--- YOUR TASK ---
From the entries below, copy exactly the lines from the one that contains "text \<open>Crouzeix ratio, as" through the one that contains "and the (2,3)", both included, and only those.

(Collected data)
"""

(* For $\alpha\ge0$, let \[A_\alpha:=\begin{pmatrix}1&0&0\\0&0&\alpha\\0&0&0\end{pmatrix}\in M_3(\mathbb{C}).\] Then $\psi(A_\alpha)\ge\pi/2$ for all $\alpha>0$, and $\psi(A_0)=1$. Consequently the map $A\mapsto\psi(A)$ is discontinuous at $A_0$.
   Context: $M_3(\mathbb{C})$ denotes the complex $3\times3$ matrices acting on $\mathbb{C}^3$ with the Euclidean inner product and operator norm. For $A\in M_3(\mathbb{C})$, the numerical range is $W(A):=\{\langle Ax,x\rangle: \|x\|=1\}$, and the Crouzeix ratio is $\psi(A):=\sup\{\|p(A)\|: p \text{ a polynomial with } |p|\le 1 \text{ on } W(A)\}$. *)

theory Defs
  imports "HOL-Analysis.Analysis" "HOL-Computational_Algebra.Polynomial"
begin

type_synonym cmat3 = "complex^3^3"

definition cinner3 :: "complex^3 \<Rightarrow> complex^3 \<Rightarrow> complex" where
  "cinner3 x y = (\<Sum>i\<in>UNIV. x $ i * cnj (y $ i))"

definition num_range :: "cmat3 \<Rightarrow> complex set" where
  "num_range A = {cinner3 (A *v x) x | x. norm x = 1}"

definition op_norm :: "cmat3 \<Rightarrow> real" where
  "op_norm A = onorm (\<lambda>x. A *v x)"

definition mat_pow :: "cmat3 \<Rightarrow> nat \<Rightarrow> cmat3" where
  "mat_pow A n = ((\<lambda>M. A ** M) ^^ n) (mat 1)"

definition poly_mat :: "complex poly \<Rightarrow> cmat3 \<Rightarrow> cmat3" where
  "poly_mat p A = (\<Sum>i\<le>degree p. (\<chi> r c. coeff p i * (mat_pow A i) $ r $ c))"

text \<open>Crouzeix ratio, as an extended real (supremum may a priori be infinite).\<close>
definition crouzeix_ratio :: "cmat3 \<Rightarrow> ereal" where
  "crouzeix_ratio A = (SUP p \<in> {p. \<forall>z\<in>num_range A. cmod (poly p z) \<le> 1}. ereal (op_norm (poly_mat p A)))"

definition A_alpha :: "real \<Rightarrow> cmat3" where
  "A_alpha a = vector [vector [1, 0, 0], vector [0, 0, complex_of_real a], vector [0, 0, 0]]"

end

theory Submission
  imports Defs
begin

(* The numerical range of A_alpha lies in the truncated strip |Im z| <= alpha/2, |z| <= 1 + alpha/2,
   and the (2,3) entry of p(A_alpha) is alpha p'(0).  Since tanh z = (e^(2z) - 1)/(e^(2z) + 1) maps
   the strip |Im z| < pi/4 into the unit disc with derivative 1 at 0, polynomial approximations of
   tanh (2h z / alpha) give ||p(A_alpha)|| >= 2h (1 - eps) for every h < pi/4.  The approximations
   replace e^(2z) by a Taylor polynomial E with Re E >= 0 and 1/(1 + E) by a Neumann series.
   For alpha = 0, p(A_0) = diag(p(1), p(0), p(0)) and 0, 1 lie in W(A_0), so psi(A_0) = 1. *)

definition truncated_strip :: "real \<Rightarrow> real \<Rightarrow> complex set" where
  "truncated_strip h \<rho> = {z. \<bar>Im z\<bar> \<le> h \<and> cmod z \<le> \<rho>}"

"""
"""

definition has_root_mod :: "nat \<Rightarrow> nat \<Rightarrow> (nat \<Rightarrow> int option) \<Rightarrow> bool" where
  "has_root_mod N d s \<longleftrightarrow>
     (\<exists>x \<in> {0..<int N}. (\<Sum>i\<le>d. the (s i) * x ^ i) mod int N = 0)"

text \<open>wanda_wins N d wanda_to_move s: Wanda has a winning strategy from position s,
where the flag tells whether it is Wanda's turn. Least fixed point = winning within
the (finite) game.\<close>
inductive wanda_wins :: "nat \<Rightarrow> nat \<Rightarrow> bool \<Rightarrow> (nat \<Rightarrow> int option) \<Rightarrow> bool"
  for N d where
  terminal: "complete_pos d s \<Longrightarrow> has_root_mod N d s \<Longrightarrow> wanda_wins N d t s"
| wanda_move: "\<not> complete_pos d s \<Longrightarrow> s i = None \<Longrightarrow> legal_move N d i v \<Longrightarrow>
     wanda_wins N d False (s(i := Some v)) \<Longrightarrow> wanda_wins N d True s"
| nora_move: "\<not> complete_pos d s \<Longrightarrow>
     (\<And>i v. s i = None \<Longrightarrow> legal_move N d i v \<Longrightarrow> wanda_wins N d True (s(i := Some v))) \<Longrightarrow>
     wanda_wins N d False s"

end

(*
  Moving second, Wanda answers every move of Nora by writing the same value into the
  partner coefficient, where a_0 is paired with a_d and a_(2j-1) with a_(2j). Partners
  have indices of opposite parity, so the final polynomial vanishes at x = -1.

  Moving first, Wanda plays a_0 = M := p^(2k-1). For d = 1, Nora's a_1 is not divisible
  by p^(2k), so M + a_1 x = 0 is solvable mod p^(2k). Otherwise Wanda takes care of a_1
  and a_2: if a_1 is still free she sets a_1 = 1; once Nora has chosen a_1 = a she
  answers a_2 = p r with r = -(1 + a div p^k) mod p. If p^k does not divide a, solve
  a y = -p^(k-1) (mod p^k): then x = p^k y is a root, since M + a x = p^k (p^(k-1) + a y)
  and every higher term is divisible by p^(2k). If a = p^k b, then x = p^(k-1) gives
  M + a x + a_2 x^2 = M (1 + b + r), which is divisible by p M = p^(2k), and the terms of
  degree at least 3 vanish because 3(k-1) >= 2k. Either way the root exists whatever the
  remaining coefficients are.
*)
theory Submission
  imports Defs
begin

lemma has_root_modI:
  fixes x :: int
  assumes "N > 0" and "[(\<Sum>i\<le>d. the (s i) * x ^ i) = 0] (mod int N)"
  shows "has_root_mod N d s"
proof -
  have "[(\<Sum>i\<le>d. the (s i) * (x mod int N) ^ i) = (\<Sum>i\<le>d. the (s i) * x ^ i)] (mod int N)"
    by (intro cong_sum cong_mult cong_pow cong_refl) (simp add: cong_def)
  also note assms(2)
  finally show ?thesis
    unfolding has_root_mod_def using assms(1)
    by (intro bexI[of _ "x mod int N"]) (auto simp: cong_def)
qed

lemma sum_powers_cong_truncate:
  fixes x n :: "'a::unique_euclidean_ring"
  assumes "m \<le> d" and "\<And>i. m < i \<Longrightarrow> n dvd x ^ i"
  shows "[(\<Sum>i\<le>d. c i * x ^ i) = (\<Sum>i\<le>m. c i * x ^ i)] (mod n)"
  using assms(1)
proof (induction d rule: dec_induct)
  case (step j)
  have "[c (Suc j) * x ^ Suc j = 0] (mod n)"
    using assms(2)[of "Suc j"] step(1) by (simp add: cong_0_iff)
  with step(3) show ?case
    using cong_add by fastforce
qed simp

"""

--- RESULT ---
text \<open>Crouzeix ratio, as an extended real (supremum may a priori be infinite).\<close>
definition crouzeix_ratio :: "cmat3 \<Rightarrow> ereal" where
  "crouzeix_ratio A = (SUP p \<in> {p. \<forall>z\<in>num_range A. cmod (poly p z) \<le> 1}. ereal (op_norm (poly_mat p A)))"

definition A_alpha :: "real \<Rightarrow> cmat3" where
  "A_alpha a = vector [vector [1, 0, 0], vector [0, 0, complex_of_real a], vector [0, 0, 0]]"

end

theory Submission
  imports Defs
begin

(* The numerical range of A_alpha lies in the truncated strip |Im z| <= alpha/2, |z| <= 1 + alpha/2,
   and the (2,3) entry of p(A_alpha) is alpha p'(0).  Since tanh z = (e^(2z) - 1)/(e^(2z) + 1) maps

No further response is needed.